Sam's Blog is a bi-weekly addition to the US Youth Soccer Blog. Sam Snow is the Coaching Director for US Youth Soccer.

 

Project Play Summit

Sam Snow

Recently, I had the privilege of attending the second annual Project Play Summit in Washington, D.C. More than 450 leaders at the intersection of sport, youth, and health attended the summit which is beginning to guide a revolution if you will in the way Americans participate in sports. The 2016 Project Play Summit, details are worthy of the time to be read and videos viewed by all youth soccer leaders. If you have not already done so then please read the seminal Project Play report, Sport for All, Play for Life: A Playbook to Get Every Kid in the Game. Project Play's latest report, "State of Play: 2016”, will soon be released and I will be sure to share it with you.

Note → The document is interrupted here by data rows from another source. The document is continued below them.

lemma liftable_shift:
  assumes M: "right_module sM M" and N: "right_module sN N" and PN: "submodule sN P N"
    and f: "quot_hom sM M sN N P f" and n: "\<And>x. x \<in> M \<Longrightarrow> n x \<in> f x"
    and g: "mod_hom sM M sN N g" and shifted: "liftable sM M sN N P (\<lambda>x. coset (n x - g x) P)"
  shows "liftable sM M sN N P f"
proof -
  have P: "right_module sN P" using PN by (simp add: submodule_def)
  obtain h where h: "mod_hom sM M sN N h" "\<And>x. x \<in> M \<Longrightarrow> coset (n x - g x) P = coset (h x) P"
    using shifted unfolding liftable_def by blast
  have "f x = coset (g x + h x) P" if "x \<in> M" for x
  proof -
    have "n x - g x - h x \<in> P" using h(2)[OF that] coset_eq_iff[OF P] by blast
    then show ?thesis
      using quot_hom_representative_coset[OF M N PN f n that] coset_eq_iff[OF P]
      by (simp add: algebra_simps)
  qed
  then show ?thesis using mod_hom_add[OF N g h(1)] unfolding liftable_def by blast
qed

lemma ordinal_cases [case_names least succ limit]:
  fixes a :: "'i::wellorder"
  obtains "\<forall>b. a \<le> b" | b where "b < a" "a = osucc b" | "is_limit a"
proof -
  assume least: "\<forall>b. a \<le> b \<Longrightarrow> thesis"
    and succ: "\<And>b. b < a \<Longrightarrow> a = osucc b \<Longrightarrow> thesis"
    and limit: "is_limit a \<Longrightarrow> thesis"
  show thesis
  proof (cases "(\<forall>b. a \<le> b) \<or> is_limit a")
    case True
    then show ?thesis using least limit by blast
  next
    case False
    then obtain b where b: "b < a" "\<not> (\<exists>c. b < c \<and> c < a)"
      unfolding is_limit_def by (auto simp: not_le)
    have "a = osucc b" unfolding osucc_def
      by (rule Least_equality[symmetric]) (use b not_less in auto)
    then show ?thesis using succ b(1) by blast
  qed
qed

lemma less_osucc_imp_le: "c < osucc a \<Longrightarrow> a < b \<Longrightarrow> c \<le> a"
  unfolding osucc_def by (metis Least_le leD not_le_imp_less)

lemma
  assumes "filtration sN N \<tau> Nf"
  shows filtration_submodule: "a \<le> \<tau> \<Longrightarrow> submodule sN (Nf a) N"
    and filtration_least: "\<forall>b. a \<le> b \<Longrightarrow> Nf a = {0}"
    and filtration_osucc: "a < \<tau> \<Longrightarrow> Nf a \<subseteq> Nf (osucc a)"
    and filtration_limit: "a \<le> \<tau> \<Longrightarrow> is_limit a \<Longrightarrow> Nf a = (\<Union>b\<in>{b. b < a}. Nf b)"
    and filtration_top: "Nf \<tau> = N"
  using assms unfolding filtration_def by blast+

lemma filtration_mono:
  assumes F: "filtration sN N \<tau> Nf" and "b \<le> c" "c \<le> \<tau>"
  shows "Nf b \<subseteq> Nf c"
  using assms(2,3)
proof (induction c rule: less_induct)
  case (less c)
  show ?case
  proof (cases c rule: ordinal_cases)
    case least
    then show ?thesis using less.prems by (metis order.antisym order.refl)
  next
    case (succ d)
    show ?thesis
    proof (cases "b = c")
      case False
      then have "b \<le> d" using less.prems succ less_osucc_imp_le by (metis order.order_iff_strict)
      then have "Nf b \<subseteq> Nf d" using less.IH[of d] succ less.prems by simp
      also have "\<dots> \<subseteq> Nf c"
        using filtration_osucc[OF F] succ less.prems(2) by (metis order.strict_trans2)
      finally show ?thesis .
    qed simp
  next
    case limit
    show ?thesis
    proof (cases "b = c")
      case False
      then have "b < c" using less.prems by simp
      moreover have "Nf c = (\<Union>d\<in>{d. d < c}. Nf d)"
        using filtration_limit[OF F] limit less.prems by blast
      ultimately show ?thesis by blast
    qed simp
  qed
qed

lemma filtration_limit_meets_below:
  assumes F: "filtration sN N \<tau> Nf" and "a \<le> \<tau>" "is_limit a"
    and "finite H" "\<forall>x\<in>H. S x \<inter> Nf a \<noteq> {}"
  shows "\<exists>b<a. \<forall>x\<in>H. S x \<inter> Nf b \<noteq> {}"
  using assms(4,5)
proof (induction H rule: finite_induct)
  case empty
  then show ?case using \<open>is_limit a\<close> by (auto simp: is_limit_def)
next
  case (insert x H)
  then obtain b where b: "b < a" "\<forall>x\<in>H. S x \<inter> Nf b \<noteq> {}" by auto
  have "Nf a = (\<Union>b\<in>{b. b < a}. Nf b)"
    using filtration_limit[OF F assms(2,3)] .
  then obtain b' where b': "b' < a" "S x \<inter> Nf b' \<noteq> {}" using insert.prems by auto
  have "max b b' \<le> \<tau>" using b(1) b'(1) assms(2) by (simp add: order.strict_implies_order)
  then have "Nf b \<subseteq> Nf (max b b')" "Nf b' \<subseteq> Nf (max b b')"
    using filtration_mono[OF F] by simp_all
  then have "\<forall>y\<in>insert x H. S y \<inter> Nf (max b b') \<noteq> {}" using b(2) b'(2) by blast
  moreover have "max b b' < a" using b(1) b'(1) by simp
  ultimately show ?case by blast
qed

lemma liftable_successor_step:
  assumes M: "right_module sM M" and N: "right_module sN N" and PN: "submodule sN P N"
    and DN: "submodule sN D N" and AN: "submodule sN A N" and DA: "D \<subseteq> A"
    and proj: "\<And>K g. submodule sN K A \<Longrightarrow> D \<subseteq> K \<Longrightarrow> quot_hom sM M sN A K g \<Longrightarrow>
      liftable sM M sN A K g"
    and IH: "\<And>g. quot_hom sM M sN N P g \<Longrightarrow> \<forall>x\<in>M. g x \<inter> D \<noteq> {} \<Longrightarrow> liftable sM M sN N P g"
    and f: "quot_hom sM M sN N P f" and meet: "\<forall>x\<in>M. f x \<inter> A \<noteq> {}"
  shows "liftable sM M sN N P f"
proof -
  have P: "right_module sN P" and A: "A \<subseteq> N" and D: "right_module sN D"
    using PN AN DN by (auto simp: submodule_def)
  have "\<forall>x\<in>M. \<exists>y. y \<in> f x \<and> y \<in> A" using meet by blast
  then obtain n where "\<forall>x\<in>M. n x \<in> f x \<and> n x \<in> A" by (auto dest: bchoice)
  then have n: "\<And>x. x \<in> M \<Longrightarrow> n x \<in> f x" and nA: "\<And>x. x \<in> M \<Longrightarrow> n x \<in> A" by simp_all
  define K where "K = {k \<in> A. \<exists>m\<in>D. \<exists>p\<in>P. k = m + p}"
  have KA: "submodule sN K A" unfolding K_def by (rule submodule_inter_sum[OF N PN DN AN DA])
  have K: "right_module sN K" using KA by (simp add: submodule_def)
  have DK: "D \<subseteq> K" and PK: "A \<inter> P \<subseteq> K"
    unfolding K_def using subset_inter_sum[OF D P DA] by simp_all
  have "quot_hom sM M sN A K (\<lambda>x. coset (n x) K)"
    by (rule quot_hom_restrict[OF M N PN f n AN nA KA PK])
  then obtain g where g: "mod_hom sM M sN A g" and "\<forall>x\<in>M. coset (n x) K = coset (g x) K"
    using proj[OF KA DK] unfolding liftable_def by blast
  then have gK: "\<And>x. x \<in> M \<Longrightarrow> n x - g x \<in> K" using coset_eq_iff[OF K] by blast
  have gN: "mod_hom sM M sN N g" using g A unfolding mod_hom_def by blast
  have "\<forall>x\<in>M. coset (n x - g x) P \<inter> D \<noteq> {}"
  proof
    fix x assume "x \<in> M"
    then obtain m p where "m \<in> D" "p \<in> P" "n x - g x = m + p" using gK unfolding K_def by blast
    then have "m \<in> coset (n x - g x) P \<inter> D"
      using right_module_neg_mem[OF P] by (simp add: mem_coset_iff)
    then show "coset (n x - g x) P \<inter> D \<noteq> {}" by blast
  qed
  then have "liftable sM M sN N P (\<lambda>x. coset (n x - g x) P)"
    using IH quot_hom_shift[OF M N PN f n gN] by blast
  then show ?thesis using liftable_shift[OF M N PN f n gN] by blast
qed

Here are a few of my bullet point notes from several presentations –

  • Inclusion increases the pipeline of participants
  • Only five states in the USA require physical education
  • 0 to 60 is a new program with the goal of 60 minutes of activity per day for all children
    • A mental and physical health crisis is upon us due to a lack of movement/play involvement
  • Clubs must ask kids what they want
    • Coaches need to ask players what they want on a quarterly basis
  • NCAA research shows that 2/3 of soccer players have specialized in just soccer by age 12. This trend is proving to be detrimental to college level performance by those players.
  • Coaches – use video games to help participation and performance
  • Some communities have become play deserts
  • Get kids into sport to learn social skills as well as sports skills
  • Many of the speakers’ messages reminded me of the ancient Greek saying of – A Sound Mind in a Sound Body
  • Physical literacy is mental, social and physical
    • In soccer physical literacy activities must be required through age 12 (Zone 1)
    • An extra effort must be made with the girls
    • Parents and coaches should be examples of an active lifestyle. Those adults should get out and play soccer with the kids once a month
       

No matter what the sports related event is that I attend, I am always impressed with the number of soccer folks in attendance and the Project Play Summit was no exception. At this Summit I spoke with Skye Eddy Bruce, Wylie Chen, Scott Dane, Paco Espinosa, Ed Foster-Simeon, Stephanie Gabbert, Tom Gross, Dave Guthrie, Bethany Henderson, Mike Hoyer, Sheri Huckleberry, Ted Kroeten, Lori Lindsey, Marc Maxey, John O’Sullivan, Richard Pavlick, Tab Ramos and Tom Turner. I think that you’ll be interested in comments on the Summit from a few of them.

 

Skye Eddy Bruce (Soccer Parenting.com) - I wrote a SoccerParenting.com post with my thoughts from the Summit – which you will find in the link below.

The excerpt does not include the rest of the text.